Une autre situation est examinée, celle des parents attendant le placement de leur enfant dans une famille d’accueil. L’auteure, Hélène Oehmichen, montre les effets de normalisation qui s’instaurent, dès lors que la loi se réserve la possibilité d’acter, à tout moment, de la fin du danger au domicile parental et du retour de l’enfant, sur la base du respect, par les parents, de certaines conditions et demandes. La période d’attente qui s’ouvre alors, incertaine et imprévisible, transforme en profondeur l’expérience des parents par rapport à la législation antérieure, qui déterminait les placements de manière fixe et définitive.
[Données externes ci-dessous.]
definition qact :: "'y fv set \<Rightarrow> ('x \<Rightarrow> 'y fv) \<Rightarrow> 'x fv set \<Rightarrow> 'y fv set" where
  "qact N \<phi> X = cls N (lext \<phi> (rep X))"

definition tmap :: "('a \<Rightarrow> 'a) \<Rightarrow> ('a \<Rightarrow> 'a) \<Rightarrow> 'a \<times> 'a \<Rightarrow> ('a \<times> 'a) fv" where
  "tmap F G p = dl (F (fst p), G (snd p))"

definition qlinear :: "('x fv set) \<Rightarrow> ('x fv set \<Rightarrow> 'x fv set) \<Rightarrow> bool" where
  "qlinear N T \<longleftrightarrow> (\<forall>X\<in>qsp N. T X \<in> qsp N)
     \<and> (\<forall>X\<in>qsp N. \<forall>Y\<in>qsp N. \<forall>c. T (qlc N c X Y) = qlc N c (T X) (T Y))"

definition sumd :: "('a \<times> 'a) list \<Rightarrow> ('a \<times> 'a) fv" where
  "sumd ps = (\<lambda>r. sum_list (map (\<lambda>pq. dl pq r) ps))"

definition tens21 :: "('a \<times> 'a) fv \<Rightarrow> 'a \<Rightarrow> ('a \<times> 'a \<times> 'a) fv" where
  "tens21 f q = (\<lambda>(x, y, z). f (x, y) * dl q z)"

definition tens12 :: "'a \<Rightarrow> ('a \<times> 'a) fv \<Rightarrow> ('a \<times> 'a \<times> 'a) fv" where
  "tens12 u g = (\<lambda>(x, y, z). dl u x * g (y, z))"

subsection \<open>Multiplier bialgebroids\<close>

record ('a, 'b) mbialg =
  scA :: "complex \<Rightarrow> 'a \<Rightarrow> 'a"
  mulA :: "'a \<Rightarrow> 'a \<Rightarrow> 'a"
  scB :: "complex \<Rightarrow> 'b \<Rightarrow> 'b"
  mulB :: "'b \<Rightarrow> 'b \<Rightarrow> 'b"
  src :: "'b \<Rightarrow> 'a \<Rightarrow> 'a"
  tgt :: "'b \<Rightarrow> 'a \<Rightarrow> 'a"
  cop :: "'a \<Rightarrow> ('a \<times> 'a) fv set \<Rightarrow> ('a \<times> 'a) fv set"

definition NL :: "('a::ab_group_add, 'b) mbialg \<Rightarrow> ('a \<times> 'a) fv set" where
  "NL L = bal_rel (scA L) (src L) (tgt L)"

definition QL :: "('a::ab_group_add, 'b) mbialg \<Rightarrow> ('a \<times> 'a) fv set set" where
  "QL L = qsp (NL L)"

text \<open>T(a \<otimes> 1): the element \<omega> with T(a \<otimes> b) = \<omega>(1 \<otimes> b) for all b\<close>
definition Ta1 :: "('a::ab_group_add, 'b) mbialg \<Rightarrow> (('a \<times> 'a) fv set \<Rightarrow> ('a \<times> 'a) fv set)
     \<Rightarrow> 'a \<Rightarrow> ('a \<times> 'a) fv set" where
  "Ta1 L T a = (THE \<omega>. \<omega> \<in> QL L \<and>
     (\<forall>b. T (cls (NL L) (dl (a, b))) = qact (NL L) (tmap id (\<lambda>y. mulA L y b)) \<omega>))"

text \<open>T(1 \<otimes> b): the element \<omega> with T(a \<otimes> b) = \<omega>(a \<otimes> 1) for all a\<close>
definition T1b :: "('a::ab_group_add, 'b) mbialg \<Rightarrow> (('a \<times> 'a) fv set \<Rightarrow> ('a \<times> 'a) fv set)
     \<Rightarrow> 'a \<Rightarrow> ('a \<times> 'a) fv set" where
  "T1b L T b = (THE \<omega>. \<omega> \<in> QL L \<and>
     (\<forall>a. T (cls (NL L) (dl (a, b))) = qact (NL L) (tmap (\<lambda>x. mulA L x a) id) \<omega>))"

definition left_ops :: "('a::ab_group_add, 'b) mbialg \<Rightarrow> (('a \<times> 'a) fv set \<Rightarrow> ('a \<times> 'a) fv set) set" where
  "left_ops L = {T. qlinear (NL L) T
     \<and> (\<forall>a. \<exists>\<omega>\<in>QL L. \<forall>b. T (cls (NL L) (dl (a, b))) = qact (NL L) (tmap id (\<lambda>y. mulA L y b)) \<omega>)
     \<and> (\<forall>b. \<exists>\<omega>\<in>QL L. \<forall>a. T (cls (NL L) (dl (a, b))) = qact (NL L) (tmap (\<lambda>x. mulA L x a) id) \<omega>)}"
(* Under assumptions (A1)–(A6), for (almost) every $x$, $$\psi(x) = P(Y(1,0)=0\mid Y(1,1)=1,M(1)=1,X=x)\,P(M(0)=0\mid M(1)=1,X=x),$$ and consequently $$\psi(x)\le P(M(0)=0\mid M(1)=1,X=x) = 1-\frac{\gamma_0(x)}{\gamma_1(x)}.$$
   Context: Observed data $O=(X,A,M,Y)$ with covariates $X\in\mathbb{R}^d$, binary exposure $A$, binary mediator $M$, binary outcome $Y$. For $a,m\in\{0,1\}$, $Y(a,m)$ is the potential outcome under $A=a,M=m$, $M(a)$ the potential mediator, $Y(a):=Y(a,M(a))$, cross-world $Y(a,M(a'))$ by substitution, all on a common probability space with $O$. $\gamma_a(x)=P(M=1\mid A=a,X=x)$. $\psi(x)=P(Y(1,M(0))=0,\,Y(0,M(0))=0\mid Y(1,M(1))=1,M(1)=1,X=x)$. Assumptions: (A1) $A=a,M=m\Rightarrow Y=Y(a,m)$ and $A=a\Rightarrow M=M(a)$. (A2) $Y(1,1)\ge Y(1,0)\ge Y(0,0)$, $Y(1,1)\ge Y(0,1)$, $M(1)\ge M(0)$. (A3) $A\perp\{Y(1,1),Y(1,0),Y(0,1),Y(0,0),M(1),M(0)\}\mid X$. (A4) $\{Y(1,1),Y(1,0),Y(0,1),Y(0,0)\}\perp\{M(1),M(0)\}\mid X$. (A5) for some $\epsilon>0$, $P\{\min_{a,m}P(A=a,M=m\mid X)\ge\epsilon\}=1$. (A6) $P\{P(Y=1\mid A=1,M=1,X)\ge\epsilon\}=1$. *)

theory Defs
  imports "HOL-Probability.Probability"
begin

definition sigmaX :: "'a measure \<Rightarrow> ('a \<Rightarrow> 'x::topological_space) \<Rightarrow> 'a measure" where
  "sigmaX M X = vimage_algebra (space M) X borel"

definition cprobX :: "'a measure \<Rightarrow> ('a \<Rightarrow> 'x::topological_space) \<Rightarrow> 'a set \<Rightarrow> 'a \<Rightarrow> real" where
  "cprobX M X E = real_cond_exp M (sigmaX M X) (indicator (E \<inter> space M))"

definition ccprobX :: "'a measure \<Rightarrow> ('a \<Rightarrow> 'x::topological_space) \<Rightarrow> 'a set \<Rightarrow> 'a set \<Rightarrow> 'a \<Rightarrow> real" where
  "ccprobX M X E C = (\<lambda>\<omega>. cprobX M X (E \<inter> C) \<omega> / cprobX M X C \<omega>)"

definition cond_indepX ::
  "'a measure \<Rightarrow> ('a \<Rightarrow> 'x::topological_space) \<Rightarrow> 'u measure \<Rightarrow> ('a \<Rightarrow> 'u) \<Rightarrow> 'v measure \<Rightarrow> ('a \<Rightarrow> 'v) \<Rightarrow> bool" where
  "cond_indepX M X MU U MV V \<longleftrightarrow>
     (\<forall>S\<in>sets MU. \<forall>T\<in>sets MV. AE \<omega> in M.
        cprobX M X (U -` S \<inter> V -` T \<inter> space M) \<omega> =
        cprobX M X (U -` S \<inter> space M) \<omega> * cprobX M X (V -` T \<inter> space M) \<omega>)"

end

theory Submission imports Defs begin

text \<open>Given \<open>Y(1,M(1)) = 1\<close> and \<open>M(1) = 1\<close>, the outcome \<open>Y(1,M(0)) = 0\<close> forces \<open>M(0) = 0\<close>,
  and then \<open>Y(0,0) \<le> Y(1,0)\<close> makes \<open>Y(0,M(0)) = 0\<close> redundant. So the event defining \<open>\<psi>\<close> is
  \<open>{Y(1,1) = 1, Y(1,0) = 0} \<inter> {M(1) = 1, M(0) = 0}\<close>, an outcome event intersected with a
  mediator event, and so is the conditioning event \<open>{Y(1,1) = 1} \<inter> {M(1) = 1}\<close>. By (A4)
  all these conditional probabilities factorise, which gives \<open>\<psi> = p\<^sub>1 p\<^sub>2\<close> and \<open>\<psi> \<le> p\<^sub>2\<close>
  (even where \<open>P(M(1) = 1 | X) = 0\<close>, since division by zero yields zero).
  Because \<open>M(0) \<le> M(1)\<close>, \<open>p\<^sub>2 = 1 - P(M(0) = 1 | X) / P(M(1) = 1 | X)\<close>, and consistency with (A3)
  gives \<open>P(M = 1, A = a | X) = P(A = a | X) P(M(a) = 1 | X)\<close>, so \<open>\<gamma>\<^sub>a = P(M(a) = 1 | X)\<close> once
  (A5) rules out vanishing denominators.\<close>

lemma cprobX_cong: "E \<inter> space M = F \<inter> space M \<Longrightarrow> cprobX M X E = cprobX M X F"
  unfolding cprobX_def by simp

lemma cprobX_mult_of_cond_indepX:
  assumes "cond_indepX M X (count_space UNIV) U (count_space UNIV) V"
  shows "AE \<omega> in M. cprobX M X {\<omega>. P (U \<omega>) \<and> Q (V \<omega>)} \<omega> =
    cprobX M X {\<omega>. P (U \<omega>)} \<omega> * cprobX M X {\<omega>. Q (V \<omega>)} \<omega>"
proof -
  have "AE \<omega> in M. cprobX M X (U -` Collect P \<inter> V -` Collect Q \<inter> space M) \<omega> =
      cprobX M X (U -` Collect P \<inter> space M) \<omega> * cprobX M X (V -` Collect Q \<inter> space M) \<omega>"
    using assms unfolding cond_indepX_def sets_count_space by blast
  moreover have "cprobX M X {\<omega>. P (U \<omega>) \<and> Q (V \<omega>)} = cprobX M X (U -` Collect P \<inter> V -` Collect Q \<inter> space M)"
    "cprobX M X {\<omega>. P (U \<omega>)} = cprobX M X (U -` Collect P \<inter> space M)"
    "cprobX M X {\<omega>. Q (V \<omega>)} = cprobX M X (V -` Collect Q \<inter> space M)"
    by (auto intro: cprobX_cong)
  ultimately show ?thesis by (simp only:)
qed

lemma cond_indepX_comp_right:
  assumes "cond_indepX M X MU U (count_space UNIV) V"
  shows "cond_indepX M X MU U (count_space UNIV) (\<lambda>\<omega>. f (V \<omega>))"
  unfolding cond_indepX_def
proof (intro ballI)
  fix S T
  assume "S \<in> sets MU"
  then have "AE \<omega> in M. cprobX M X (U -` S \<inter> V -` (f -` T) \<inter> space M) \<omega> =
      cprobX M X (U -` S \<inter> space M) \<omega> * cprobX M X (V -` (f -` T) \<inter> space M) \<omega>"
    using assms unfolding cond_indepX_def sets_count_space by blast
  moreover have "(\<lambda>\<omega>. f (V \<omega>)) -` T = V -` (f -` T)" by auto
  ultimately show "AE \<omega> in M. cprobX M X (U -` S \<inter> (\<lambda>\<omega>. f (V \<omega>)) -` T \<inter> space M) \<omega> =
      cprobX M X (U -` S \<inter> space M) \<omega> * cprobX M X ((\<lambda>\<omega>. f (V \<omega>)) -` T \<inter> space M) \<omega>"
    by (simp only:)
qed

lemma ratio_product_bound:
  fixes y y' m m' :: real
  assumes "0 \<le> y'" "y' \<le> y" "0 \<le> m'" "0 \<le> m"
  shows "y' * m' / (y * m) = y' * m / (y * m) * (m' / m)" and "y' * m' / (y * m) \<le> m' / m"
proof -
  have split: "y' * m' / (y * m) = y' / y * (m' / m)" by simp
  then show "y' * m' / (y * m) = y' * m / (y * m) * (m' / m)"
    by (cases "m = 0") simp_all
  have "y' / y \<le> 1"
    using assms by (cases "y = 0") (simp_all add: divide_le_eq_1)
  then have "y' / y * (m' / m) \<le> m' / m"
    using assms by (intro mult_left_le_one_le) auto
  with split show "y' * m' / (y * m) \<le> m' / m"
    by (simp only:)
qed

locale prob_space_covariate = prob_space M for M :: "'a measure" +
  fixes X :: "'a \<Rightarrow> 'x::topological_space"
  assumes X_measurable: "X \<in> borel_measurable M"
begin

sublocale sigma_finite_subalgebra M "sigmaX M X"
proof -
  have "subalgebra M (sigmaX M X)"
    unfolding subalgebra_def sigmaX_def
    using sets_vimage_algebra2[of X "space M" borel] measurable_sets[OF X_measurable]
      measurable_space[OF X_measurable] by auto
  then have "finite_measure_subalgebra M (sigmaX M X)"
    by (simp add: finite_measure_subalgebra_def finite_measure_subalgebra_axioms_def finite_measure_axioms)
  then show "sigma_finite_subalgebra M (sigmaX M X)"
    by (rule finite_measure_subalgebra_is_sigma_finite)
qed

lemma integrable_indicator_Collect:
  assumes "Measurable.pred M P"
  shows "integrable M (indicator ({\<omega>. P \<omega>} \<inter> space M) :: 'a \<Rightarrow> real)"
proof -
  have "{\<omega>. P \<omega>} \<inter> space M = {\<omega> \<in> space M. P \<omega>}" by auto
  with assms show ?thesis
    by (simp add: emeasure_finite less_top[symmetric])
qed

lemma cprobX_nonneg:
  assumes [measurable]: "Measurable.pred M P"
  shows "AE \<omega> in M. cprobX M X {\<omega>. P \<omega>} \<omega> \<ge> 0"
  unfolding cprobX_def by (rule real_cond_exp_pos) (use integrable_indicator_Collect[OF assms] in auto)

lemma cprobX_mono:
  assumes "Measurable.pred M P" "Measurable.pred M Q" "\<And>\<omega>. \<omega> \<in> space M \<Longrightarrow> P \<omega> \<Longrightarrow> Q \<omega>"
  shows "AE \<omega> in M. cprobX M X {\<omega>. P \<omega>} \<omega> \<le> cprobX M X {\<omega>. Q \<omega>} \<omega>"
  unfolding cprobX_def
proof (rule real_cond_exp_mono)
  show "AE \<omega> in M. indicator ({\<omega>. P \<omega>} \<inter> space M) \<omega> \<le> (indicator ({\<omega>. Q \<omega>} \<inter> space M) \<omega> :: real)"
    using assms(3) by (intro AE_I2) (auto simp: indicator_def)
qed (intro integrable_indicator_Collect assms)+

lemma cprobX_disjoint_add:
  assumes "Measurable.pred M P" "Measurable.pred M Q" "\<And>\<omega>. \<omega> \<in> space M \<Longrightarrow> \<not> (P \<omega> \<and> Q \<omega>)"
  shows "AE \<omega> in M. cprobX M X {\<omega>. P \<omega> \<or> Q \<omega>} \<omega> = cprobX M X {\<omega>. P \<omega>} \<omega> + cprobX M X {\<omega>. Q \<omega>} \<omega>"
proof -
  have "indicator ({\<omega>. P \<omega> \<or> Q \<omega>} \<inter> space M) =
      (\<lambda>\<omega>. indicator ({\<omega>. P \<omega>} \<inter> space M) \<omega> + (indicator ({\<omega>. Q \<omega>} \<inter> space M) \<omega> :: real))"
    using assms(3) by (auto simp: indicator_def fun_eq_iff)
  then show ?thesis
    unfolding cprobX_def by (simp only:) (intro real_cond_exp_add integrable_indicator_Collect assms)
qed

lemma cprobX_outcome_mediator_factorisation:
  assumes [measurable]: "\<And>a m. Measurable.pred M (Ypo a m)" "\<And>a. Measurable.pred M (Mpo a)"
    and mono: "\<forall>\<omega>\<in>space M. Ypo False False \<omega> \<longrightarrow> Ypo True False \<omega>"
    and indep: "cond_indepX M X (count_space UNIV)
      (\<lambda>\<omega>. (Ypo True True \<omega>, Ypo True False \<omega>, Ypo False True \<omega>, Ypo False False \<omega>))
      (count_space UNIV) (\<lambda>\<omega>. (Mpo True \<omega>, Mpo False \<omega>))"
  shows "AE \<omega> in M.
    (let \<psi> = ccprobX M X {\<omega>'. \<not> Ypo True (Mpo False \<omega>') \<omega>' \<and> \<not> Ypo False (Mpo False \<omega>') \<omega>'}
                       {\<omega>'. Ypo True (Mpo True \<omega>') \<omega>' \<and> Mpo True \<omega>'} \<omega>;
         p1 = ccprobX M X {\<omega>'. \<not> Ypo True False \<omega>'} {\<omega>'. Ypo True True \<omega>' \<and> Mpo True \<omega>'} \<omega>;
         p2 = ccprobX M X {\<omega>'. \<not> Mpo False \<omega>'} {\<omega>'. Mpo True \<omega>'} \<omega>
     in \<psi> = p1 * p2 \<and> \<psi> \<le> p2)"
proof -
  note factor = cprobX_mult_of_cond_indepX[OF indep]
  have mediated: "\<And>a b \<omega>. Ypo a (Mpo b \<omega>) \<omega> = (if Mpo b \<omega> then Ypo a True \<omega> else Ypo a False \<omega>)"
    by simp
  have psi_event: "cprobX M X ({\<omega>'. \<not> Ypo True (Mpo False \<omega>') \<omega>' \<and> \<not> Ypo False (Mpo False \<omega>') \<omega>'}
      \<inter> {\<omega>'. Ypo True (Mpo True \<omega>') \<omega>' \<and> Mpo True \<omega>'}) =
    cprobX M X {\<omega>. Ypo True True \<omega> \<and> \<not> Ypo True False \<omega> \<and> Mpo True \<omega> \<and> \<not> Mpo False \<omega>}"
    by (rule cprobX_cong) (use mono in \<open>auto simp: mediated\<close>)
  have events:
    "{\<omega>'. Ypo True (Mpo True \<omega>') \<omega>' \<and> Mpo True \<omega>'} = {\<omega>. Ypo True True \<omega> \<and> Mpo True \<omega>}"
    "{\<omega>'. \<not> Ypo True False \<omega>'} \<inter> {\<omega>'. Ypo True True \<omega>' \<and> Mpo True \<omega>'} =
      {\<omega>. Ypo True True \<omega> \<and> \<not> Ypo True False \<omega> \<and> Mpo True \<omega>}"
    "{\<omega>'. \<not> Mpo False \<omega>'} \<inter> {\<omega>'. Mpo True \<omega>'} = {\<omega>. Mpo True \<omega> \<and> \<not> Mpo False \<omega>}"
    by auto
  have "AE \<omega> in M. cprobX M X {\<omega>. Ypo True True \<omega> \<and> \<not> Ypo True False \<omega> \<and> Mpo True \<omega> \<and> \<not> Mpo False \<omega>} \<omega> =
      cprobX M X {\<omega>. Ypo True True \<omega> \<and> \<not> Ypo True False \<omega>} \<omega> * cprobX M X {\<omega>. Mpo True \<omega> \<and> \<not> Mpo False \<omega>} \<omega>"
    using factor[of "\<lambda>(y11, y10, _). y11 \<and> \<not> y10" "\<lambda>(m1, m0). m1 \<and> \<not> m0"] by (simp add: conj_assoc)
  moreover have "AE \<omega> in M. cprobX M X {\<omega>. Ypo True True \<omega> \<and> Mpo True \<omega>} \<omega> =
      cprobX M X {\<omega>. Ypo True True \<omega>} \<omega> * cprobX M X {\<omega>. Mpo True \<omega>} \<omega>"
    using factor[of "\<lambda>(y11, _). y11" "\<lambda>(m1, _). m1"] by simp
  moreover have "AE \<omega> in M. cprobX M X {\<omega>. Ypo True True \<omega> \<and> \<not> Ypo True False \<omega> \<and> Mpo True \<omega>} \<omega> =
      cprobX M X {\<omega>. Ypo True True \<omega> \<and> \<not> Ypo True False \<omega>} \<omega> * cprobX M X {\<omega>. Mpo True \<omega>} \<omega>"
    using factor[of "\<lambda>(y11, y10, _). y11 \<and> \<not> y10" "\<lambda>(m1, _). m1"] by (simp add: conj_assoc)
  moreover have "AE \<omega> in M. cprobX M X {\<omega>. Ypo True True \<omega> \<and> \<not> Ypo True False \<omega>} \<omega> \<le> cprobX M X {\<omega>. Ypo True True \<omega>} \<omega>"
    by (rule cprobX_mono) auto
  moreover have "AE \<omega> in M. cprobX M X {\<omega>. Ypo True True \<omega> \<and> \<not> Ypo True False \<omega>} \<omega> \<ge> 0"
    "AE \<omega> in M. cprobX M X {\<omega>. Mpo True \<omega> \<and> \<not> Mpo False \<omega>} \<omega> \<ge> 0"
    "AE \<omega> in M. cprobX M X {\<omega>. Mpo True \<omega>} \<omega> \<ge> 0"
    by (rule cprobX_nonneg; simp)+
  ultimately show ?thesis
  proof eventually_elim
    case (elim \<omega>)
    show ?case
      unfolding Let_def ccprobX_def psi_event unfolding events elim(1-3)
      by (intro conjI ratio_product_bound elim(4-7))
  qed
qed
text \<open>Gibbs' inequality: replacing the conditional law of Y given Z by any subprobability
  kernel r can only increase the expected log ratio.\<close>

lemma cmi_le_expected_log_ratio:
  assumes fin: "finite S" and nn: "\<And>s. s \<in> S \<Longrightarrow> 0 \<le> p s" and tot: "sum p S = 1"
    and W: "\<And>s. s \<in> S \<Longrightarrow> prob p S (\<lambda>t. X t = X s \<and> Y t = Y s \<and> Z t = Z s)
                 = prob p S (\<lambda>t. X t = X s \<and> Z t = Z s) * W s"
    and rnn: "\<And>z y. 0 \<le> r z y" and rs: "\<And>z. (\<Sum>y\<in>Y ` S. r z y) \<le> 1"
    and rpos: "\<And>s. s \<in> S \<Longrightarrow> 0 < p s \<Longrightarrow> 0 < W s \<Longrightarrow> 0 < r (Z s) (Y s)"
  shows "cmi p S X Y Z \<le> (\<Sum>s\<in>S. p s * log 2 (W s / r (Z s) (Y s)))"
proof -
  define Pz where "Pz s = prob p S (\<lambda>t. Z t = Z s)" for s
  define Pyz where "Pyz s = prob p S (\<lambda>t. Y t = Y s \<and> Z t = Z s)" for s
  define v where "v s = r (Z s) (Y s) * Pz s / Pyz s" for s
  have pointwise: "p s * log 2 (W s * Pz s / Pyz s)
      \<le> p s * log 2 (W s / r (Z s) (Y s)) + p s * (v s - 1) / ln 2" if s: "s \<in> S" for s
  proof (cases "p s = 0")
    case False
    then have ps: "0 < p s" using nn s by force
    have "p s \<le> prob p S (\<lambda>t. X t = X s \<and> Z t = Z s) * W s"
      unfolding W[OF s, symmetric] by (rule prob_ge_member) (use fin nn s in auto)
    moreover have "0 \<le> prob p S (\<lambda>t. X t = X s \<and> Z t = Z s)"
      by (rule prob_nonneg) (use nn in auto)
    ultimately have Wpos: "0 < W s" using ps by (smt (verit) zero_less_mult_iff)
    have "p s \<le> Pyz s" "p s \<le> Pz s"
      unfolding Pyz_def Pz_def by (rule prob_ge_member; use fin nn s in auto)+
    then have Pyz: "0 < Pyz s" and Pz: "0 < Pz s" using ps by auto
    have r: "0 < r (Z s) (Y s)" by (rule rpos[OF s ps Wpos])
    then have v: "0 < v s" unfolding v_def using Pyz Pz by simp
    have ratio: "W s * Pz s / Pyz s = W s / r (Z s) (Y s) * v s"
      unfolding v_def using r by simp
    have "log 2 (W s * Pz s / Pyz s) = log 2 (W s / r (Z s) (Y s)) + log 2 (v s)"
      unfolding ratio by (rule log_mult_pos) (use Wpos r v in simp_all)
    moreover have "log 2 (v s) \<le> (v s - 1) / ln 2"
      unfolding log_def using ln_le_minus_one[OF v] by (simp add: divide_right_mono)
    ultimately have "log 2 (W s * Pz s / Pyz s) \<le> log 2 (W s / r (Z s) (Y s)) + (v s - 1) / ln 2"
      by linarith
    then have "p s * log 2 (W s * Pz s / Pyz s) \<le> p s * (log 2 (W s / r (Z s) (Y s)) + (v s - 1) / ln 2)"
      using ps by (intro mult_left_mono) auto
    then show ?thesis by (simp add: distrib_left)
  qed simp
  have "cmi p S X Y Z = (\<Sum>s\<in>S. p s * log 2 (W s * Pz s / Pyz s))"
    unfolding Pz_def Pyz_def by (rule cmi_eq_expected_log_kernel[OF fin]) (simp_all add: nn W)
  also have "\<dots> \<le> (\<Sum>s\<in>S. p s * log 2 (W s / r (Z s) (Y s)) + p s * (v s - 1) / ln 2)"
    by (rule sum_mono) (rule pointwise)
  also have "\<dots> = (\<Sum>s\<in>S. p s * log 2 (W s / r (Z s) (Y s))) + ((\<Sum>s\<in>S. p s * v s) - sum p S) / ln 2"
    by (simp add: sum.distrib sum_divide_distrib[symmetric] sum_subtractf right_diff_distrib)
  also have "\<dots> \<le> (\<Sum>s\<in>S. p s * log 2 (W s / r (Z s) (Y s)))"
  proof -
    have "(\<Sum>s\<in>S. p s * v s) \<le> 1"
      unfolding v_def Pz_def Pyz_def by (rule expected_kernel_ratio_le_1) (use fin nn tot rnn rs in auto)
    then show ?thesis using tot by (simp add: divide_nonpos_pos)
  qed
  finally show ?thesis .
qed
L’attente se révèle encore dans sa dimension politique dans le cas des politiques urbaines qui mettent en œuvre de grands projets visant à rénover certains quartiers populaires. L’auteur, Charles Reveillere, note que la précarité temporelle et l’arbitraire qui s’attache à ces projets futurs plonge les habitants dans des situations intenables qui « dégradent leurs conditions actuelles d’existence, au point de rendre le présent inhabitable ». Les collectivités en charge de ces projets peuvent donc s’appuyer dessus pour gérer ces populations et obtenir des départs d’une manière apparemment consentie.

Les cibles des politiques de l’attente

Les classes populaires sont d’autant plus touchées par cette dépendance temporelle qu’un nombre important de dimensions de leur existence est suspendu à l’attente : demande de logement, de soins, de formation, etc. Les individus sont alors pris dans le système de l’attente et développent certaines stratégies spécifiques leur permettant de gérer ce temps d’une manière moins subie (en s’efforçant de toujours arriver en premier dans une file d’attente, par exemple).

La synthèse des différentes enquêtes, opérée par Charles Reveillere et Pierre-Antoine Chauvin met bien en évidence cette idée : l’attente est une expérience socialement stratifiée, dans la mesure où le positionnement social des individus distribue les délais (pour obtenir des droits, des biens ou des services) différemment.

Les politiques de l’attente apparaissent dès lors comme un levier puissant pour le maintien de la paix sociale. En favorisant la concurrence horizontale entre les individus les plus défavorisés, elle contribue à gommer les effets de domination verticale qui s’exercent sur eux par son intermédiaire.

Cette expérience sociale de l’attente est finalement productrice de différents rapports au monde. Elle induit un sentiment d’impuissance, de désespoir, et façonne des désirs ; elle discipline et enseigne un sens des limites, voire une tendance au fatalisme. Une lecture politique de l’attente soulève donc également la question de la fabrication de la résignation : lorsque l’attente se prolonge, on se décourage, on renoncer à demander, et on diminue nos aspirations pour l’avenir.